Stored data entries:
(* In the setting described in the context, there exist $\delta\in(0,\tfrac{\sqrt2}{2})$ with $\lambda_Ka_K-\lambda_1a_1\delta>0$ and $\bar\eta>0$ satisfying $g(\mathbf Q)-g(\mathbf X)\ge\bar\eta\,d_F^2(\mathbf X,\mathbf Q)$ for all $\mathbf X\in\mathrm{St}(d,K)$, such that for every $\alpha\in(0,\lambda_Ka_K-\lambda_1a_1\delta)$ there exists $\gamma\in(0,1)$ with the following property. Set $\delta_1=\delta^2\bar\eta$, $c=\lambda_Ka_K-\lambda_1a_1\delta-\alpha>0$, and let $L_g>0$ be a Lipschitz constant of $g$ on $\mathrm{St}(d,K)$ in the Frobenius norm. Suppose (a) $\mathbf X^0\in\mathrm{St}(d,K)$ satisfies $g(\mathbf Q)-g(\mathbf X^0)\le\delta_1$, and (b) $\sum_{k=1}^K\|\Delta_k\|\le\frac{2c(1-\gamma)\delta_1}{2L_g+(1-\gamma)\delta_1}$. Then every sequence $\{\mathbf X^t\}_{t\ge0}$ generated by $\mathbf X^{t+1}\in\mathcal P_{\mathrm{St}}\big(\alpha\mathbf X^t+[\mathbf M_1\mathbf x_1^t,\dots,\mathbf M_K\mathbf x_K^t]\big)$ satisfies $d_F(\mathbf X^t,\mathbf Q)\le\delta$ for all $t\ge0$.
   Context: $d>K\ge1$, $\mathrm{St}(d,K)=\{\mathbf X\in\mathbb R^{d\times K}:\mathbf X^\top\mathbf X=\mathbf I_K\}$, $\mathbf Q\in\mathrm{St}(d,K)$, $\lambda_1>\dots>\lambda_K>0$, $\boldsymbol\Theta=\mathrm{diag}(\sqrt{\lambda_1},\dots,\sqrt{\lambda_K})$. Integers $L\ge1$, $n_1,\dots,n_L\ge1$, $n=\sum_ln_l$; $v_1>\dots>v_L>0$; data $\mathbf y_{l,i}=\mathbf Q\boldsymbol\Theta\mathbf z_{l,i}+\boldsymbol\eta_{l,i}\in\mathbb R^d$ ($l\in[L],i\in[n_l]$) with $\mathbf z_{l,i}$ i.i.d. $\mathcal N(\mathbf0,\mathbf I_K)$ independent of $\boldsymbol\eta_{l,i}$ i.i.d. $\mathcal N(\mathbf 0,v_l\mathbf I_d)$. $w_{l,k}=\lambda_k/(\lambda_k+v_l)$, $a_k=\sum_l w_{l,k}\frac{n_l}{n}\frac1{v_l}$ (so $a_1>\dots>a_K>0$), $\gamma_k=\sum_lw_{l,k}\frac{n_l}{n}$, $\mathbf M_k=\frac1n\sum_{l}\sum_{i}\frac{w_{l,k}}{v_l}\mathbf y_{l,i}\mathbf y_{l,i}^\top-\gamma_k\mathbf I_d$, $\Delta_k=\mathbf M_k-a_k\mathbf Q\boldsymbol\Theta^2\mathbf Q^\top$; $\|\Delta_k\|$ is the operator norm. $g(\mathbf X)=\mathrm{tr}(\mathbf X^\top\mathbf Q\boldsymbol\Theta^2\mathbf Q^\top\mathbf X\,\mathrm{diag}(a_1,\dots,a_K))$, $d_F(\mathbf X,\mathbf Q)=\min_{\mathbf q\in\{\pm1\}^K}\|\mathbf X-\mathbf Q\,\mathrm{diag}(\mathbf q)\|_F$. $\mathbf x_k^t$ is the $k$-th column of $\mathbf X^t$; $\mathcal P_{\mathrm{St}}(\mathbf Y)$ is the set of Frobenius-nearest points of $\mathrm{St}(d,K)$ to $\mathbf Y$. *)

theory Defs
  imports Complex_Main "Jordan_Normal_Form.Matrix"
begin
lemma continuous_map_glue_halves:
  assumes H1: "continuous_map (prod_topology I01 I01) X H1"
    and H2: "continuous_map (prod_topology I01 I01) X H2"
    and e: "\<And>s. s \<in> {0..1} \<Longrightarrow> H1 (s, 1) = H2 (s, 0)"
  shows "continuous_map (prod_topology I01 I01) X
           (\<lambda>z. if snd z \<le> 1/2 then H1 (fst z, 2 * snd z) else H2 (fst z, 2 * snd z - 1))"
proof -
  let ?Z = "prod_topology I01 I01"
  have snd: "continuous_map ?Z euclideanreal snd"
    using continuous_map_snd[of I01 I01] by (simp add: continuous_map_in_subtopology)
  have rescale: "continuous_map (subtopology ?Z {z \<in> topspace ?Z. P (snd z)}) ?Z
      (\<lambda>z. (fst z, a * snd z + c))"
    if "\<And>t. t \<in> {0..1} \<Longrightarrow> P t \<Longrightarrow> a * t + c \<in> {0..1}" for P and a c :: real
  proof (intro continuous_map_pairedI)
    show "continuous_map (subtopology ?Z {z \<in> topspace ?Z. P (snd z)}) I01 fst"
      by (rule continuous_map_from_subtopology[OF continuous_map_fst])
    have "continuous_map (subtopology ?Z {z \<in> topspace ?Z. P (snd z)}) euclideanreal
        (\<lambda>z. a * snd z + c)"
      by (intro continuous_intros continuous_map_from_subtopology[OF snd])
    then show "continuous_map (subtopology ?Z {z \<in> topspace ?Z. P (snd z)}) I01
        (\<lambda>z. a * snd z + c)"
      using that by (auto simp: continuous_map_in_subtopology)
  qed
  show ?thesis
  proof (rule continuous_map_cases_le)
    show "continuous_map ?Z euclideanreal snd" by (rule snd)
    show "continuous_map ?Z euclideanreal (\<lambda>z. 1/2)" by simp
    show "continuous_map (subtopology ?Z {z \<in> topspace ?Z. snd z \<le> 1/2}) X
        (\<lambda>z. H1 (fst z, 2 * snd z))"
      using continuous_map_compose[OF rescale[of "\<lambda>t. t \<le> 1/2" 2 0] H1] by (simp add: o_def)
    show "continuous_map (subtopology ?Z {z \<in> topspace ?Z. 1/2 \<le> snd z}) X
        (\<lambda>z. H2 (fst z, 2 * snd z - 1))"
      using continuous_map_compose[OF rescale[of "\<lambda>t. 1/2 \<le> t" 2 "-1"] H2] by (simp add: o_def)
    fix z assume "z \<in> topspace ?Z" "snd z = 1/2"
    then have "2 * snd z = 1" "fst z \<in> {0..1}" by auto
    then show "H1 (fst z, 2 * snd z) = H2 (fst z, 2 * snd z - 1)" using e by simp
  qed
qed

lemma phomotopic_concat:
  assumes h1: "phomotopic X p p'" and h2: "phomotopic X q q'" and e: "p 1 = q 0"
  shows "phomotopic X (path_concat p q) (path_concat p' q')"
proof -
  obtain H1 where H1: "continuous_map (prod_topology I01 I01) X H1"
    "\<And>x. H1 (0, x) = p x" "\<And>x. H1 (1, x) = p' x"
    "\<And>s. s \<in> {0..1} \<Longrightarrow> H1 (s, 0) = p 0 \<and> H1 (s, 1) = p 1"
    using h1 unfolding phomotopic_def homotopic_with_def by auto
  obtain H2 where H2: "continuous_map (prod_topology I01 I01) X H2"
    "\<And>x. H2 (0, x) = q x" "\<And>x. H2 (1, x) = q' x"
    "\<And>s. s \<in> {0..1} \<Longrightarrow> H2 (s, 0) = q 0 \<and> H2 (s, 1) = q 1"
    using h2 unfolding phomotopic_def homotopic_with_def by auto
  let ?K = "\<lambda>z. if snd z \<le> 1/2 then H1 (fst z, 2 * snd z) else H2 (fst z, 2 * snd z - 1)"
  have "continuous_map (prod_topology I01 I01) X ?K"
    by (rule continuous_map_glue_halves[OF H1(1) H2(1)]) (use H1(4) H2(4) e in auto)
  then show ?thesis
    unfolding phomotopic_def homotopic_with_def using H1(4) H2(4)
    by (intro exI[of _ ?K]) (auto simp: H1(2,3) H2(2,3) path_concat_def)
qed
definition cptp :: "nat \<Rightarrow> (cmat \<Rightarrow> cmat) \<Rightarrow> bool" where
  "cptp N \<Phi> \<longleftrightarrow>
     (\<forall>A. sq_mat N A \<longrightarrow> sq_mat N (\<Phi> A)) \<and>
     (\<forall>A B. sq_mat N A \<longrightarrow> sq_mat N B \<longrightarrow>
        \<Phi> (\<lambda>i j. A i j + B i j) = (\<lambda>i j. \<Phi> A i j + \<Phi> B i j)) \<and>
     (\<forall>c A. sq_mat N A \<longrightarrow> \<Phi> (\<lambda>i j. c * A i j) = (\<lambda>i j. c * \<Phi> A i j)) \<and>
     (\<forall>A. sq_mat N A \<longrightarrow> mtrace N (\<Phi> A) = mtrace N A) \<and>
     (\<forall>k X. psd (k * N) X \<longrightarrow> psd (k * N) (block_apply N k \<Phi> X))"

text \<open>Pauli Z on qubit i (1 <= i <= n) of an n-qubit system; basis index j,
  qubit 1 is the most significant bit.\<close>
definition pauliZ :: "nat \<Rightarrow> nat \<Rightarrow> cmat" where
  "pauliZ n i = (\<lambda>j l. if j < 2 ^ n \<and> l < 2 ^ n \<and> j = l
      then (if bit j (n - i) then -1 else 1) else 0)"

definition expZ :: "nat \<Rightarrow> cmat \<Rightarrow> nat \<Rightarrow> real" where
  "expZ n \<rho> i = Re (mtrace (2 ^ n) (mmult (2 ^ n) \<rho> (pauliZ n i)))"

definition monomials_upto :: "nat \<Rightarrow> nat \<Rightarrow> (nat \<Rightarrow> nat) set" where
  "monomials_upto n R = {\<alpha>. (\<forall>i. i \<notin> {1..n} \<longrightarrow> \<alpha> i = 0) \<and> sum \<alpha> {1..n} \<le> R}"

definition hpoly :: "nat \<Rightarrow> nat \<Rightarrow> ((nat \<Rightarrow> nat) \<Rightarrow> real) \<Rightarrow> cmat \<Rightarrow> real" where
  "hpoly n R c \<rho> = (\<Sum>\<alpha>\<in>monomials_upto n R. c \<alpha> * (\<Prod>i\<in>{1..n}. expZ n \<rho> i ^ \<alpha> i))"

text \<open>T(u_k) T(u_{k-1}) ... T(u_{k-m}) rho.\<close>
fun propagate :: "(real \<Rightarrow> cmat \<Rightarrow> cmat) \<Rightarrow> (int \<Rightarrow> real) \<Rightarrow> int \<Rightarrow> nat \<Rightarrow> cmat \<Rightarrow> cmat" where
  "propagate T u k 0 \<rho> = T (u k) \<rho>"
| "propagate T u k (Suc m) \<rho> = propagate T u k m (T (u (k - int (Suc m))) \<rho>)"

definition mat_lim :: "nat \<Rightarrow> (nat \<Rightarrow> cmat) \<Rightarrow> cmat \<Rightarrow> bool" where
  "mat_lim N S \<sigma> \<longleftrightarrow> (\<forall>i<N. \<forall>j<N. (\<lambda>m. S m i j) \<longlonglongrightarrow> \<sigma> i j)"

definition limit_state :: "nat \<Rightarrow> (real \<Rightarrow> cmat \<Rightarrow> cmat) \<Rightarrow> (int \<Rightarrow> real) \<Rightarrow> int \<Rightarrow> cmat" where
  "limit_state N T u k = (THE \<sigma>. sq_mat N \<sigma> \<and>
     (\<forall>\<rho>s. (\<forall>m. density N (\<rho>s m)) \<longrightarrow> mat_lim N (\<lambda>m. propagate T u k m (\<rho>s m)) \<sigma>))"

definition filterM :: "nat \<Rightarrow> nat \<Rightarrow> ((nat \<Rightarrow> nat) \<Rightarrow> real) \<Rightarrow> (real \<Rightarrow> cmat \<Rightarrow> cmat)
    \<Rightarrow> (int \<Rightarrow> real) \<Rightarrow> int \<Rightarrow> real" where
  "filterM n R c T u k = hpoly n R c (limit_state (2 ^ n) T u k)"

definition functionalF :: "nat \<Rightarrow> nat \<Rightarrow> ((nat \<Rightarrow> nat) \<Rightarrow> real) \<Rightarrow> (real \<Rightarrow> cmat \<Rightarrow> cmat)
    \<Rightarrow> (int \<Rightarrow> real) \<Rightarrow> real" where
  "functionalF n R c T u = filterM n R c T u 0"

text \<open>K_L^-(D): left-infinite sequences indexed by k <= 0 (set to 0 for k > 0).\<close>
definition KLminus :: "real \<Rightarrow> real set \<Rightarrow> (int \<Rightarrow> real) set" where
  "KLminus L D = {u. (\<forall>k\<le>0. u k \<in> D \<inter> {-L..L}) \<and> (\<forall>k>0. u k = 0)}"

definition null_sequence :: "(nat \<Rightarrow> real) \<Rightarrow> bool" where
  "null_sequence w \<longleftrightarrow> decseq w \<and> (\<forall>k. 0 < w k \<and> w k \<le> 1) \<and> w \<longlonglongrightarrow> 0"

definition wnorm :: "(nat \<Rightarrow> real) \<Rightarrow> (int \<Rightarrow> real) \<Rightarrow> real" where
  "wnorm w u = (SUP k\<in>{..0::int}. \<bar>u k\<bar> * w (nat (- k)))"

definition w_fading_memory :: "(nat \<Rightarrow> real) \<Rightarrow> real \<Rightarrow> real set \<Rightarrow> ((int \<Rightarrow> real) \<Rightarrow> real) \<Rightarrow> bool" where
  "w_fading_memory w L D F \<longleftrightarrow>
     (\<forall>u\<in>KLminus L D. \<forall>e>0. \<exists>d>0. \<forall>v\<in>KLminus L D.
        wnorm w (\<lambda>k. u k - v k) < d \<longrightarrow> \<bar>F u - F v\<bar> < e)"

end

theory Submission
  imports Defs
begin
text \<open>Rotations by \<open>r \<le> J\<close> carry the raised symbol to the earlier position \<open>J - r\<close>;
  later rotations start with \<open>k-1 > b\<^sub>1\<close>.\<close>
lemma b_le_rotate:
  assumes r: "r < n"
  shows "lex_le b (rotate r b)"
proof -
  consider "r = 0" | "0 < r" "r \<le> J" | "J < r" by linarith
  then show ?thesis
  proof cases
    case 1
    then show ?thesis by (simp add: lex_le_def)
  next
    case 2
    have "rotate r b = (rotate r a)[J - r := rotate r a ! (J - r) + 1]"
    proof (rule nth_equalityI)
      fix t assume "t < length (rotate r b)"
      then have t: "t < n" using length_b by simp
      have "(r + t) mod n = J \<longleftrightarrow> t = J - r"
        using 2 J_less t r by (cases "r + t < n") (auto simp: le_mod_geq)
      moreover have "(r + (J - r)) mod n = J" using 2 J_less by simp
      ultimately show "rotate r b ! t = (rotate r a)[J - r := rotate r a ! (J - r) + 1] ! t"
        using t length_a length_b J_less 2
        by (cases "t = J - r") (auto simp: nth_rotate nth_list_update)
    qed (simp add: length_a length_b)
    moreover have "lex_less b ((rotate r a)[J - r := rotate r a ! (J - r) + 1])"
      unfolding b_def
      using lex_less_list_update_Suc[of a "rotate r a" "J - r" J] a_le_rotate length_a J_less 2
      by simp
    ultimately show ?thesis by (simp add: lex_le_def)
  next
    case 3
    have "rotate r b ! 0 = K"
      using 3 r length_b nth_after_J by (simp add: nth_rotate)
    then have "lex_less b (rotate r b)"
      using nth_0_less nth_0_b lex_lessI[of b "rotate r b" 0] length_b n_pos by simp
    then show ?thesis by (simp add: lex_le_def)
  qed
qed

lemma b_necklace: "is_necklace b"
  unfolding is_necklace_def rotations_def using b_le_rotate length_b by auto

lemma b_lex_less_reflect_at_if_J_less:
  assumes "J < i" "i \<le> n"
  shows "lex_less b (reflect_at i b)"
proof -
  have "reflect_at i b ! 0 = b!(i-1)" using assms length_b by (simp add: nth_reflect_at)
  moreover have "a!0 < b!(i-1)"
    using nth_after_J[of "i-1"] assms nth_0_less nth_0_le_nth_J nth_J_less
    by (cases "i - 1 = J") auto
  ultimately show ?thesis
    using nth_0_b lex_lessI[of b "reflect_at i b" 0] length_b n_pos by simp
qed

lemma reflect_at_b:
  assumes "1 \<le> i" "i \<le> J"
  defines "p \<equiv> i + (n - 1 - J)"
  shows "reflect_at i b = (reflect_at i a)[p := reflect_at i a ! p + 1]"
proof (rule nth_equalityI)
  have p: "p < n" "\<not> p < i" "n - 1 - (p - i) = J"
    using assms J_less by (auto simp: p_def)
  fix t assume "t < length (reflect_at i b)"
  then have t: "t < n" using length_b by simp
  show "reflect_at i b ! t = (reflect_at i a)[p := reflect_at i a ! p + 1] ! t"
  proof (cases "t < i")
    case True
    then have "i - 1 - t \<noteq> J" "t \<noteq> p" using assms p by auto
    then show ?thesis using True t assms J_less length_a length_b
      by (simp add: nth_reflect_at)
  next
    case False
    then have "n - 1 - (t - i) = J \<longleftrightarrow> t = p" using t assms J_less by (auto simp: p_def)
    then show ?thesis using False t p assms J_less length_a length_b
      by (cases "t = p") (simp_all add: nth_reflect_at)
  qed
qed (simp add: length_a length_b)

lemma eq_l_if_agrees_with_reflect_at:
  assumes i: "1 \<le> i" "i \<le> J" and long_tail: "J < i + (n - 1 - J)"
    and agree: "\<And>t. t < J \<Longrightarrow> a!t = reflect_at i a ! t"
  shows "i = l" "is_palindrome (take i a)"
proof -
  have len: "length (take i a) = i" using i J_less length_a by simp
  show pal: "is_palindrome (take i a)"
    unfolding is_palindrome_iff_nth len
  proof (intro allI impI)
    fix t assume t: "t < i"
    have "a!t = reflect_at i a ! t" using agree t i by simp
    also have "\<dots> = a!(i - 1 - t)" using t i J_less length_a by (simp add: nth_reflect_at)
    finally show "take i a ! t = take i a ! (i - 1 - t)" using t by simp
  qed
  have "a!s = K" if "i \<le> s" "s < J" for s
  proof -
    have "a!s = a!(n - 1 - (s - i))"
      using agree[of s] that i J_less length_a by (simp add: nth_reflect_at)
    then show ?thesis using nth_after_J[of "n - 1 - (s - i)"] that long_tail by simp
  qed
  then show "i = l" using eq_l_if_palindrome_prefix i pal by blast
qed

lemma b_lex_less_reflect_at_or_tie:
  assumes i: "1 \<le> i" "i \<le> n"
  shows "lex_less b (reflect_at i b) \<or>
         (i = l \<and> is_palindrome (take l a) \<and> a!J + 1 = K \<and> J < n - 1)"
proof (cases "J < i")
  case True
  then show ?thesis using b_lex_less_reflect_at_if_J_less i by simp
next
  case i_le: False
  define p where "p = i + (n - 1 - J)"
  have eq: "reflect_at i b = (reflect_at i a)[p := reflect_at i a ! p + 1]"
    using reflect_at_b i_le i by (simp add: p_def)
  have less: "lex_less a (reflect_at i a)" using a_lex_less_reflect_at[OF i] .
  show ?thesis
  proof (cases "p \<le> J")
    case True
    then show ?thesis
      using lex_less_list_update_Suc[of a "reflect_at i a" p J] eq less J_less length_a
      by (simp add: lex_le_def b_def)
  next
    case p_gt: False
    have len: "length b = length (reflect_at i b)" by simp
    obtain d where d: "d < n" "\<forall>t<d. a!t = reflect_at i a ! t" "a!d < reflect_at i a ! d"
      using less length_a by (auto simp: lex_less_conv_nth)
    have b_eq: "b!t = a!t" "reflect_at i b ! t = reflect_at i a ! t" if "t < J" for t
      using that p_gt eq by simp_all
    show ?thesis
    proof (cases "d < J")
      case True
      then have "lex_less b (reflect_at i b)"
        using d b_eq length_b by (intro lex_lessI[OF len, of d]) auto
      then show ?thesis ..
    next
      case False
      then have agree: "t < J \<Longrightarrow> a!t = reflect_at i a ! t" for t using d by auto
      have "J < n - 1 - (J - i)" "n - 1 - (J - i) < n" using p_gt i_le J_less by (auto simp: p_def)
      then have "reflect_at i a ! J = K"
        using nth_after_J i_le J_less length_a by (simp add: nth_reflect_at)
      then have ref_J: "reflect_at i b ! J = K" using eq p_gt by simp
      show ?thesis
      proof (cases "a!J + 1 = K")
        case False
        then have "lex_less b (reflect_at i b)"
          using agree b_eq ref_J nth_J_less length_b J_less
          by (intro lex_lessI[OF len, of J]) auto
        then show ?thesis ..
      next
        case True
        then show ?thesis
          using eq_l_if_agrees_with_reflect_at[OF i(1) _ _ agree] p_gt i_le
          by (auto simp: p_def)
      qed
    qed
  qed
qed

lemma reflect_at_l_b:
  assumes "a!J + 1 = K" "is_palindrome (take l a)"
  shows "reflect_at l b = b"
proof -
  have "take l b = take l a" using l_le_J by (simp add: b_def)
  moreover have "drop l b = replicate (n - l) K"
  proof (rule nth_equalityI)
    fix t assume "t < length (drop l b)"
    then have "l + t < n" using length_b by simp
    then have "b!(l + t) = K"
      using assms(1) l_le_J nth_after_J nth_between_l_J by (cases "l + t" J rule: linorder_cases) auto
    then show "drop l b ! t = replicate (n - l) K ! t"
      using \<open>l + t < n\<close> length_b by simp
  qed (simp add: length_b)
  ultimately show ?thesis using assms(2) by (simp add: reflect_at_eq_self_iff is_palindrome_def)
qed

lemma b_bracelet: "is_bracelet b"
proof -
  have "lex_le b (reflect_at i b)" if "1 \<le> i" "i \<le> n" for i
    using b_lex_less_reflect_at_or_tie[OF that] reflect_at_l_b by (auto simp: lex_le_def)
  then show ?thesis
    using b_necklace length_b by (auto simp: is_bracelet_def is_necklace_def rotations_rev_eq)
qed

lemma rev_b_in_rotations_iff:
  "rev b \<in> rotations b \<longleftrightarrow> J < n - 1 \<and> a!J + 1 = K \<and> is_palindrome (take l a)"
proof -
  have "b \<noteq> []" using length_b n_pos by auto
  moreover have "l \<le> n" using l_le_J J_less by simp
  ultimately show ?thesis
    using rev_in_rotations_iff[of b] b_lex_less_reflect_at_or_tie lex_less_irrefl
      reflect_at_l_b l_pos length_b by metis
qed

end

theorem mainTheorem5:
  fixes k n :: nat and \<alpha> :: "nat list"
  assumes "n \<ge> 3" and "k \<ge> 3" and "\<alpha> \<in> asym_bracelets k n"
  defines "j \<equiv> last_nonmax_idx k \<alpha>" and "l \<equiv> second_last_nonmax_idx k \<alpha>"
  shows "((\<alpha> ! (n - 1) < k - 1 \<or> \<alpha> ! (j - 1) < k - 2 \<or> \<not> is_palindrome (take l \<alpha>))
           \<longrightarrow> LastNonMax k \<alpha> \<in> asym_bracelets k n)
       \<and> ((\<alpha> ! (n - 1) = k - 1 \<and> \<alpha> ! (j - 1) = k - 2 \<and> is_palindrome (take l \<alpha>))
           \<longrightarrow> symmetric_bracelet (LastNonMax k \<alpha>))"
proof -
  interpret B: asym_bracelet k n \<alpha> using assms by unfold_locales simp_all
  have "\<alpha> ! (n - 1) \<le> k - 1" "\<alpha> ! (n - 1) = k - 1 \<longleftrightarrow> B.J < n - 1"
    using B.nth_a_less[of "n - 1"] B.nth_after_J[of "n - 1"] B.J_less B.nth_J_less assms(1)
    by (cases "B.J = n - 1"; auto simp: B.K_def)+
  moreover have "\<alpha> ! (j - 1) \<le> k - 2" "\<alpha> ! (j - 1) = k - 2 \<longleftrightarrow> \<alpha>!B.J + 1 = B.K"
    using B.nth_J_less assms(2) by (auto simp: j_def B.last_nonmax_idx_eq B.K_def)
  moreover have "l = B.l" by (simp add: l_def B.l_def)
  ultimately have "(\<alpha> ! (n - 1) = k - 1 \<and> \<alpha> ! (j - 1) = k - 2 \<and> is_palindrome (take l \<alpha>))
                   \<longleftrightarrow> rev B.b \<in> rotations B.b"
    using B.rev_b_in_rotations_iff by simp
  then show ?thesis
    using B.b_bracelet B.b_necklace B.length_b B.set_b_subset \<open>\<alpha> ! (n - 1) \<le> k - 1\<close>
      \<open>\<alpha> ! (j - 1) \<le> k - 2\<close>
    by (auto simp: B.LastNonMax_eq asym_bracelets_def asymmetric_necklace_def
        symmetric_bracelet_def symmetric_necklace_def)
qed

Exercise description: For each line above that contains the word "intro", give the line as it is written.

Expected answer:
  proof (intro continuous_map_pairedI)
      by (intro continuous_intros continuous_map_from_subtopology[OF snd])
    by (intro exI[of _ ?K]) (auto simp: H1(2,3) H2(2,3) path_concat_def)
  proof (intro allI impI)
        using d b_eq length_b by (intro lex_lessI[OF len, of d]) auto
          by (intro lex_lessI[OF len, of J]) auto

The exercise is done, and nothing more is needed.